There’s also a StackOverflow answer to “How can I sanitize user input with PHP?” that is somewhat PHP-specific, but I found it succinct and helpful. It links to a page on PHP magic quotes, which were a bad idea and actually removed in PHP 5.4 – the discussion there is very much in line with what I’ve written above.

If you have any feedback on this article, please get in touch! Or see the comments on Hacker News and programming reddit.

NOW WITH OVER +8500 USERS. people can Join Knowasiak for free. Sign up on Knowasiak.com
Read More

Leave a Reply

2 thoughts on “Don’t try to sanitize input. Escape output. (2020)

  1. Aditya avatar

    I think a better way to think of this may be in terms of canonicalization. Inside your application, you should decide on a single canonical way to represent data, one which fits the type of processing and expected use of the application. For example, you might decide that all strings should be UTF8, and should be interpreted (and stored) as whatever the user initially wrote.
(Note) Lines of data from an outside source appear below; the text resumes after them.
lemma nrmY_nonneg: "0 \<le> nrmY \<xi>"
  by (simp add: nrmY_eq)

lemma nrmY_ge_fst: "nrm (S (fst \<xi>)) \<le> nrmY \<xi>"
  and nrmY_ge_snd: "nrm (snd \<xi>) \<le> nrmY \<xi>"
  unfolding nrmY_eq by (rule real_le_rsqrt; simp)+

lemma nrmY_le: "nrmY \<xi> \<le> nrm (S (fst \<xi>)) + nrm (snd \<xi>)"
  using sqrt_add_le_add_sqrt[of "(nrm (S (fst \<xi>)))\<^sup>2" "(nrm (snd \<xi>))\<^sup>2"] by (simp add: nrmY_eq)

lemma Y_complete:
  assumes f: "\<forall>n. f n \<in> DS \<times> UNIV"
    and Cauchy: "\<forall>e>0. \<exists>N. \<forall>m\<ge>N. \<forall>n\<ge>N. nrmY (f m - f n) < e"
  shows "\<exists>l\<in>DS \<times> UNIV. (\<lambda>n. nrmY (f n - l)) \<longlonglongrightarrow> 0"
proof -
  have f1: "\<forall>n. fst (f n) \<in> DS" using f by (auto simp: mem_Times_iff)
  have S_diff: "S (fst (f m)) - S (fst (f n)) = S (fst (f m - f n))" for m n
    using f1 by (simp add: lin_op_diff[OF S_lin])
  have "\<forall>e>0. \<exists>N. \<forall>m\<ge>N. \<forall>n\<ge>N. nrm (S (fst (f m)) - S (fst (f n))) < e"
    using Cauchy unfolding S_diff by (meson nrmY_ge_fst le_less_trans)
  then have "\<exists>s. converges_to (\<lambda>n. S (fst (f n))) s" by (rule Cauchy_converges)
  then obtain s where s: "converges_to (\<lambda>n. S (fst (f n))) s" ..
  obtain l1 where l1: "l1 \<in> DS" "converges_to (\<lambda>n. fst (f n)) l1" "S l1 = s"
    using S_graph_limit[OF f1 s] by blast
  have "\<forall>e>0. \<exists>N. \<forall>m\<ge>N. \<forall>n\<ge>N. nrm (snd (f m) - snd (f n)) < e"
    using Cauchy by (metis nrmY_ge_snd le_less_trans snd_diff)
  then have "\<exists>l2. converges_to (\<lambda>n. snd (f n)) l2" by (rule Cauchy_converges)
  then obtain l2 where l2: "converges_to (\<lambda>n. snd (f n)) l2" ..
  have bound: "nrmY (f n - (l1, l2)) \<le> nrm (S (fst (f n)) - s) + nrm (snd (f n) - l2)" for n
    using nrmY_le[of "f n - (l1, l2)"] f1 l1 by (simp add: lin_op_diff[OF S_lin])
  have "(\<lambda>n. nrm (S (fst (f n)) - s) + nrm (snd (f n) - l2)) \<longlonglongrightarrow> 0"
    using s l2 unfolding converges_to_def by (rule tendsto_add_zero)
  then have "(\<lambda>n. nrmY (f n - (l1, l2))) \<longlonglongrightarrow> 0"
    by (rule Lim_null_comparison[OF always_eventually, rotated]) (simp add: bound nrmY_nonneg)
  then show ?thesis using l1 by blast
qed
You might decide that any structured data should be parsed and then stored as protobufs in a BigTable. Or you might decide that an RDBMS is your native datastore and use whatever the native string encoding is for it, as well as parse & normalize data into tables upon input.

    Then, whenever you take input, your job is to validate and encode it. If you get a Windows-1252 string, you should re-encode it to utf8 for further storage. If it has data that are invalid UTF-8 codepoints, you should either strip, replace with a replacement character, or notify the user with a validation failure. Same with structured data that fails your normalization rules – you should usually notify the user.

    And when you send output, you should escape based on the intended output device. If you're putting it in an HTML page, HTML-escape it. If it's a URL, url-encode it. If it's a database query, SQL escape it. If it's a CSV, quote it.

    Thinking in these terms keeps the internal logic of your application simple (there are no format conversions except at system boundaries), and it also gives you a lot of flexibility to preserve the user's intent and add new output formats later.

  2. Aditya avatar

    It's cool to see how these posts are becoming less and less important in the wake of today's frameworks/tools protecting devs by default.

    From ORMs escaping SQL, to FE frameworks escaping html/js, to browsers starting to default to same-site=lax. It feels like we've slowly pulled ourselves out of OWASP hell. Pretty nice to see!

    Obviously it's still important (see log4j) to know it all especially when its not so clear cut, but still good progress.